> TASK DIRECTIONS
Check each line of the data below for the string "Words", then report how many lines have it and nothing else.

*** Opening of EXTRACTED ENTRIES ***

(* Let $w$ be an nTL-monomial for $P_n$ with decreasing runs $R_1,\dots,R_k$ (in order of appearance) and peaks $p_1,\dots,p_k$. Then $p_1<p_2<\cdots<p_k$.
   Context: Fix $n\ge 0$. The nil-Temperley-Lieb algebra $A_n$ of the path graph $P_n$ is the unital associative algebra generated by $x_1,\dots,x_n$ subject to the relations $x_i^2=0$; $x_ix_j=x_jx_i$ if $|i-j|>1$; $x_ix_{i+1}x_i=0$ and $x_{i+1}x_ix_{i+1}=0$ for $1\le i<n$. A word is a finite product $x_{i_1}\cdots x_{i_m}$ of generators. Two words are equivalent if one can be obtained from the other by repeatedly swapping adjacent letters $x_ix_j\to x_jx_i$ with $|i-j|>1$. A word is reducible if it equals $0$ in $A_n$. Words of the same length are compared lexicographically by index sequences. An nTL-monomial is a word that is not reducible and lexicographically smallest among all words equivalent to it. A decreasing run is a maximal block of consecutive letters with strictly decreasing indices; the index of its first letter is its peak, and the index of its last letter is its valley. *)

theory Defs
  imports Main
begin

text \<open>Words in the generators x_1,...,x_n are represented by their index sequences
  (lists of natural numbers in {1..n}).\<close>

definition is_word :: "nat \<Rightarrow> nat list \<Rightarrow> bool" where
  "is_word n w \<longleftrightarrow> (\<forall>i \<in> set w. 1 \<le> i \<and> i \<le> n)"

definition comm_step :: "nat list \<Rightarrow> nat list \<Rightarrow> bool" where
  "comm_step u v \<longleftrightarrow> (\<exists>a b i j. u = a @ [i, j] @ b \<and> v = a @ [j, i] @ b
      \<and> (i + 1 < j \<or> j + 1 < i))"

definition word_equiv :: "nat list \<Rightarrow> nat list \<Rightarrow> bool" where
  "word_equiv u v \<longleftrightarrow> comm_step\<^sup>*\<^sup>* u v"

definition has_relator :: "nat \<Rightarrow> nat list \<Rightarrow> bool" where
  "has_relator n w \<longleftrightarrow> (\<exists>a b i. (w = a @ [i, i] @ b)
      \<or> (1 \<le> i \<and> i < n \<and> (w = a @ [i, i + 1, i] @ b \<or> w = a @ [i + 1, i, i + 1] @ b)))"

text \<open>Reducible: the word equals 0 in A_n. Since all relations of A_n are either
  monomial (= 0) or commutations, A_n is the contracted monoid algebra of the
  monoid with zero given by the same presentation; a word is 0 there iff some
  word equivalent to it contains a relator as a factor.\<close>
definition reducible :: "nat \<Rightarrow> nat list \<Rightarrow> bool" where
  "reducible n w \<longleftrightarrow> (\<exists>v. word_equiv w v \<and> has_relator n v)"

definition lex_le :: "nat list \<Rightarrow> nat list \<Rightarrow> bool" where
  "lex_le u v \<longleftrightarrow> u = v \<or> (u, v) \<in> lexord {(a, b). a < b}"

definition nTL_monomial :: "nat \<Rightarrow> nat list \<Rightarrow> bool" where
  "nTL_monomial n w \<longleftrightarrow> is_word n w \<and> \<not> reducible n w
      \<and> (\<forall>v. word_equiv w v \<longrightarrow> lex_le w v)"

fun runs :: "nat list \<Rightarrow> nat list list" where
  "runs [] = []"
| "runs [x] = [[x]]"
| "runs (x # y # xs) =
     (case runs (y # xs) of
        [] \<Rightarrow> [[x]]
      | r # rs \<Rightarrow> (if y < x then (x # r) # rs else [x] # r # rs))"

definition peaks :: "nat list \<Rightarrow> nat list" where
  "peaks w = map hd (runs w)"

definition valleys :: "nat list \<Rightarrow> nat list" where
  "valleys w = map last (runs w)"

end

theory Submission
  imports Defs
begin

text \<open>In an nTL-monomial two adjacent letters i > j with i > j + 1 would commute, and
  swapping them gives a lexicographically smaller equivalent word; so every decreasing run
  has the form c + k, ..., c + 1, c. By maximality the letter b following the run satisfies
  b \<ge> c. If b = c the word contains x_c x_c. If c < b \<le> c + k, the run contains b, b - 1
  followed only by letters smaller than b - 1, all of which commute with x_b; moving x_b to
  the left produces the relator x_b x_(b-1) x_b. Hence b > c + k, i.e. the next peak exceeds
  the current one.\<close>

lemma word_equiv_move_left:
  assumes "\<forall>c\<in>set r. c + 1 < b"
  shows "word_equiv (p @ r @ [b] @ s) (p @ b # r @ s)"
  using assms
proof (induction r arbitrary: p)
  case Nil
  then show ?case by (simp add: word_equiv_def)
next
  case (Cons c r)
  have "word_equiv ((p @ [c]) @ r @ [b] @ s) ((p @ [c]) @ b # r @ s)"
    using Cons.IH[of "p @ [c]"] Cons.prems by simp
  moreover have "comm_step (p @ [c, b] @ r @ s) (p @ [b, c] @ r @ s)"
    unfolding comm_step_def using Cons.prems by fastforce
  ultimately show ?case
    unfolding word_equiv_def by (simp add: rtranclp.rtrancl_into_rtrancl)
qed

lemma nTL_monomial_no_square: "\<not> nTL_monomial n (p @ [i, i] @ s)"
  unfolding nTL_monomial_def reducible_def has_relator_def word_equiv_def by blast

lemma nTL_monomial_descent_by_one:
  assumes "nTL_monomial n (p @ [i, j] @ s)" and "j < i"
  shows "i = Suc j"
proof (rule ccontr)
  assume "i \<noteq> Suc j"
  then have "comm_step (p @ [i, j] @ s) (p @ [j, i] @ s)"
    unfolding comm_step_def using assms(2) by fastforce
  then have "lex_le (p @ [i, j] @ s) (p @ [j, i] @ s)"
    using assms(1) unfolding nTL_monomial_def word_equiv_def by blast
  then show False
    using assms(2) unfolding lex_le_def by (simp add: lexord_same_pref_iff)
qed

lemma nTL_monomial_no_hidden_braid:
  assumes "\<forall>c\<in>set r. c < j"
  shows "\<not> nTL_monomial n (p @ [Suc j, j] @ r @ [Suc j] @ s)"
proof
  let ?w = "p @ [Suc j, j] @ r @ [Suc j] @ s"
  let ?v = "(p @ [Suc j, j]) @ Suc j # r @ s"
  assume mono: "nTL_monomial n ?w"
  then have "1 \<le> j" "j < n"
    unfolding nTL_monomial_def is_word_def by auto
  then have "has_relator n ?v"
    unfolding has_relator_def by (metis Suc_eq_plus1 append.assoc append_Cons append_Nil)
  moreover have "word_equiv ?w ?v"
    using word_equiv_move_left[of r "Suc j" "p @ [Suc j, j]" s] assms by simp
  ultimately show False
    using mono unfolding nTL_monomial_def reducible_def by blast
qed

lemma nTL_monomial_decreasing_hd_less:
  assumes "nTL_monomial n (p @ r @ b # s)" and "r \<noteq> []"
    and "sorted_wrt (>) r" and "last r \<le> b"
  shows "hd r < b"
  using assms
proof (induction r arbitrary: p)
  case Nil
  then show ?case by simp
next
  case (Cons i r)
  show ?case
  proof (cases r)
    case Nil
    then have "b \<noteq> i"
      using Cons.prems(1) nTL_monomial_no_square[of n p i s] by auto
    then show ?thesis
      using Cons.prems(4) Nil by simp
  next
    case (Cons j r')
    have "nTL_monomial n ((p @ [i]) @ r @ b # s)"
      using Cons.prems(1) by simp
    then have jb: "j < b"
      using Cons.IH Cons.prems(3,4) \<open>r = j # r'\<close> by fastforce
    have i: "i = Suc j"
      using nTL_monomial_descent_by_one[of n p i j "r' @ b # s"] Cons.prems \<open>r = j # r'\<close>
      by simp
    have "\<not> nTL_monomial n (p @ [Suc j, j] @ r' @ [Suc j] @ s)"
      using nTL_monomial_no_hidden_braid Cons.prems(3) \<open>r = j # r'\<close> by simp
    then have "b \<noteq> Suc j"
      using Cons.prems(1) i \<open>r = j # r'\<close> by auto
    then show ?thesis
      using i jb by simp
  qed
qed

lemma runs_append_decreasing:
  assumes "r \<noteq> []" and "sorted_wrt (>) r" and "rest = [] \<or> last r \<le> hd rest"
  shows "runs (r @ rest) = r # runs rest"
  using assms
proof (induction r rule: induct_list012)
  case (2 x)
  then show ?case
    by (cases rest rule: runs.cases) (auto split: list.split)
next
  case (3 x y r)
  then show ?case by simp
qed simp

lemma decreasing_prefix_exists:
  fixes w :: "nat list"
  assumes "w \<noteq> []"
  shows "\<exists>r rest. w = r @ rest \<and> r \<noteq> [] \<and> sorted_wrt (>) r \<and> (rest = [] \<or> last r \<le> hd rest)"
  using assms
proof (induction w)
  case Nil
  then show ?case by simp
next
  case (Cons x w)
  show ?case
  proof (cases "w \<noteq> [] \<and> hd w < x")
    case True
    then obtain r rest where r: "w = r @ rest" "r \<noteq> []" "sorted_wrt (>) r"
      "rest = [] \<or> last r \<le> hd rest"
      using Cons.IH by blast
    have "\<forall>c\<in>set r. c < x"
      using r(2,3) True r(1) by (cases r) auto
    then show ?thesis
      using r by (intro exI[of _ "x # r"] exI[of _ rest]) auto
  next
    case False
    then show ?thesis
      by (intro exI[of _ "[x]"] exI[of _ w]) auto
  qed
qed

lemma peaks_hd: "w \<noteq> [] \<Longrightarrow> peaks w = hd w # tl (peaks w)"
  unfolding peaks_def by (induction w rule: runs.induct) (auto split: list.split)

lemma nTL_monomial_suffix_peaks_sorted:
  "nTL_monomial n (p @ w) \<Longrightarrow> sorted_wrt (<) (peaks w)"
proof (induction "length w" arbitrary: w p rule: less_induct)
  case less
  show ?case
  proof (cases "w = []")
    case True
    then show ?thesis by (simp add: peaks_def)
  next
    case False
    then obtain r rest where r: "w = r @ rest" "r \<noteq> []" "sorted_wrt (>) r"
      "rest = [] \<or> last r \<le> hd rest"
      using decreasing_prefix_exists by blast
    have peaks_w: "peaks w = hd r # peaks rest"
      using runs_append_decreasing[OF r(2-4)] r(1) unfolding peaks_def by simp
    have sorted_rest: "sorted_wrt (<) (peaks rest)"
      using less.hyps[of rest "p @ r"] less.prems r by simp
    have "\<forall>q\<in>set (peaks rest). hd r < q"
    proof (cases rest)
      case Nil
      then show ?thesis by (simp add: peaks_def)
    next
      case (Cons b s)
      have "hd r < b"
        using nTL_monomial_decreasing_hd_less[of n p r b s] less.prems r Cons by simp
      moreover have "peaks rest = b # tl (peaks rest)"
        using peaks_hd Cons by fastforce
      ultimately show ?thesis
        using sorted_rest by (metis order.strict_trans set_ConsD strict_sorted_simps(2))
    qed
    then show ?thesis
      using peaks_w sorted_rest by simp
  qed
qed

theorem lemma3:
  fixes n :: nat and w :: "nat list"
  assumes "nTL_monomial n w"
  shows "sorted_wrt (<) (peaks w)"
  using nTL_monomial_suffix_peaks_sorted[of n "[]" w] assms by simp

end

*** Close of EXTRACTED ENTRIES ***

> ANSWER TO THIS TASK
2